Yesterday, the Los Angeles City Council unanimously voted in favor of tearing down the 700-unit Jordan Downs housing project in Watts and rebuilding it as a mixed-income "urban village" community with new park and retail space, according to City News Service.

The redevelopment project, undertaken by the Housing Authority of the City of Los Angeles, will dramatically alter the urban fabric of Jordan Downs. The current two-story townhouse-style units, built in 1943 and 1954, will be torn down and the project will be oriented to the surrounding street grid, facilitating movement through Jordan Downs and diminishing the physical insularity ("city within a city") characteristic of Jordan Downs today. The city also annexed 42 acres of adjacent industrial land to include in the new project, bringing the size of Jordan Downs from 49 to nearly 119 acres.

The proposed redevelopment shows four-story townhomes and condominiums around a new park and Family Resource Center, restaurants, and retail space.

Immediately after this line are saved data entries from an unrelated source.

lemma psd_quad_form_sum_of_squares:
  assumes "finite S" "\<And>u. 0 \<le> quad_form S Q u"
  shows "\<exists>ws. \<forall>u. quad_form S Q u = (\<Sum>w\<leftarrow>ws. (\<Sum>p\<in>S. w p * u p)^2)"
  using assms
proof (induction S arbitrary: Q rule: finite_induct)
  case empty
  show ?case by (intro exI[where x="[]"]) (simp add: quad_form_def)
next
  case (insert a S)
  obtain Q' w where psd': "\<forall>u. 0 \<le> quad_form S Q' u"
    and split: "\<forall>u. quad_form (insert a S) Q u = (\<Sum>p\<in>insert a S. w p * u p)^2 + quad_form S Q' u"
    using psd_quad_form_split_square[OF insert.hyps insert.prems] by blast
  obtain ws where ws: "\<forall>u. quad_form S Q' u = (\<Sum>w\<leftarrow>ws. (\<Sum>p\<in>S. w p * u p)^2)"
    using insert.IH psd' by blast
  have extend: "(\<Sum>p\<in>insert a S. (v(a := 0)) p * u p) = (\<Sum>p\<in>S. v p * u p)" for v u :: "_ \<Rightarrow> real"
  proof -
    have "(\<Sum>p\<in>S. (v(a := 0)) p * u p) = (\<Sum>p\<in>S. v p * u p)"
      using \<open>a \<notin> S\<close> by (intro sum.cong) auto
    then show ?thesis using insert.hyps by simp
  qed
  show ?case
    by (intro exI[where x="w # map (\<lambda>v. v(a := 0)) ws"])
      (simp add: split ws extend o_def del: fun_upd_apply)
qed

lemma inner_matrix_vector_mult_eq_quad_form:
  "(u::real^'k::finite) \<bullet> (P *v u) = quad_form UNIV (\<lambda>p q. P $ p $ q) (\<lambda>p. u $ p)"
  by (simp add: quad_form_def inner_vec_def matrix_vector_mult_def sum_distrib_left mult_ac)

lemma inner_matrix_vector_mult_sum:
  "(u::real^'k::finite) \<bullet> (P *v u) = (\<Sum>i\<in>UNIV. \<Sum>j\<in>UNIV. u $ i * P $ i $ j * u $ j)"
  by (simp add: inner_vec_def matrix_vector_mult_def sum_distrib_left mult_ac)

lemma sum_matrix_vector_mult:
  "(\<Sum>i\<in>I. B i) *v (x :: 'a::comm_ring_1^'n::finite) = (\<Sum>i\<in>I. B i *v x)"
  by (induction I rule: infinite_finite_induct) (simp_all add: matrix_vector_mult_add_rdistrib)

lemma tensor2_inner_kron:
  fixes x :: "real^'n::finite"
  shows "tensor2 x \<bullet> (kron A B *v tensor2 x) = (x \<bullet> (A *v x)) * (x \<bullet> (B *v x))"
proof -
  have "tensor2 x \<bullet> (kron A B *v tensor2 x) = (\<Sum>p\<in>UNIV. \<Sum>q\<in>UNIV.
      (x $ fst p * A $ fst p $ fst q * x $ fst q) * (x $ snd p * B $ snd p $ snd q * x $ snd q))"
    unfolding inner_matrix_vector_mult_sum kron_def tensor2_def by (simp add: mult_ac)
  also have "\<dots> = (\<Sum>i1\<in>UNIV. \<Sum>i2\<in>UNIV. \<Sum>j1\<in>UNIV. \<Sum>j2\<in>UNIV.
      (x $ i1 * A $ i1 $ j1 * x $ j1) * (x $ i2 * B $ i2 $ j2 * x $ j2))"
    by (simp only: UNIV_Times_UNIV[symmetric] sum.cartesian_product' fst_conv snd_conv)
  also have "\<dots> = (x \<bullet> (A *v x)) * (x \<bullet> (B *v x))"
    by (simp add: inner_matrix_vector_mult_sum sum_product)
  finally show ?thesis .
qed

The redevelopment "would double the existing 700 units at Jordan Downs with a little more than half dedicated to fair market apartments and condos," according to NPR.

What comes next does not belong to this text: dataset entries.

text \<open>
  Let \<open>\<phi> : A \<rightarrow> B\<close> and \<open>\<psi> : A' \<rightarrow> B'\<close> be commensurations at bounded distance, and put
  \<open>e g = \<phi>(g)\<inverse> \<psi>(g)\<close> on the finite index subgroup \<open>C = A \<inter> A'\<close>. Bounded distance means that
  \<open>e\<close> takes only finitely many values, and the cocycle identity
  \<open>\<phi>(h)\<inverse> e(g) \<phi>(h) = e(gh) e(h)\<inverse>\<close> shows that \<open>e(g)\<close> has only finitely many conjugates by
  elements of \<open>\<phi>(C)\<close>. Since every element of \<open>G\<close> has a power in \<open>\<phi>(C)\<close>, some power of every
  element of \<open>G\<close> commutes with \<open>e(g)\<close>. In the Houghton group no nontrivial element has this
  property: if \<open>x\<close> moves \<open>p\<close> to \<open>q\<close>, a conjugate of a translation along two rays fixes \<open>p\<close>
  and moves \<open>q\<close> along an infinite orbit, and none of its powers commutes with \<open>x\<close>.
  Hence \<open>e = 1\<close>, i.e. \<open>\<phi> = \<psi>\<close> on \<open>C\<close>.
\<close>

definition power_central :: "('a, 'b) monoid_scheme \<Rightarrow> 'a \<Rightarrow> bool" where
  "power_central G x \<longleftrightarrow>
     (\<forall>y\<in>carrier G. \<exists>k\<ge>1. y [^]\<^bsub>G\<^esub> (k::nat) \<otimes>\<^bsub>G\<^esub> x = x \<otimes>\<^bsub>G\<^esub> y [^]\<^bsub>G\<^esub> k)"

Retail space and market-rate housing interspersed amid affordable housing is done with the hopes of changing the social life of Jordan Downs and by extension, Watts. The concern amid current residents is whether the redeveloped Jordan Downs will replace one-to-one the 700 affordable units or if there will be a loss in affordable units, as has been the trend in recent redevelopments of public housing across the country.

The Housing Authority has stated that current residents of Jordan Downs who are "in good standing" with the Housing Authority will be able to stay in their current units until moving day. The project will be built in phases that will allow new units to be constructed before any current units are torn down.

Jordan Downs was built as temporary housing for defense industry workers during World War II and was turned into a public housing project in the early 1950s. It was one of the last public housing projects to open in Los Angeles. Jordan Downs houses 2,300 people in its 700 units in 49 acres. Watts is home to 40 percent of the city’s 6,500 public housing units, most which are in four public housing projects: Jordan Downs, Imperial Courts, Nickerson Gardens, and Gonzaque Village. Watts has the highest concentration of public housing units in one neighborhood west of the Mississippi River.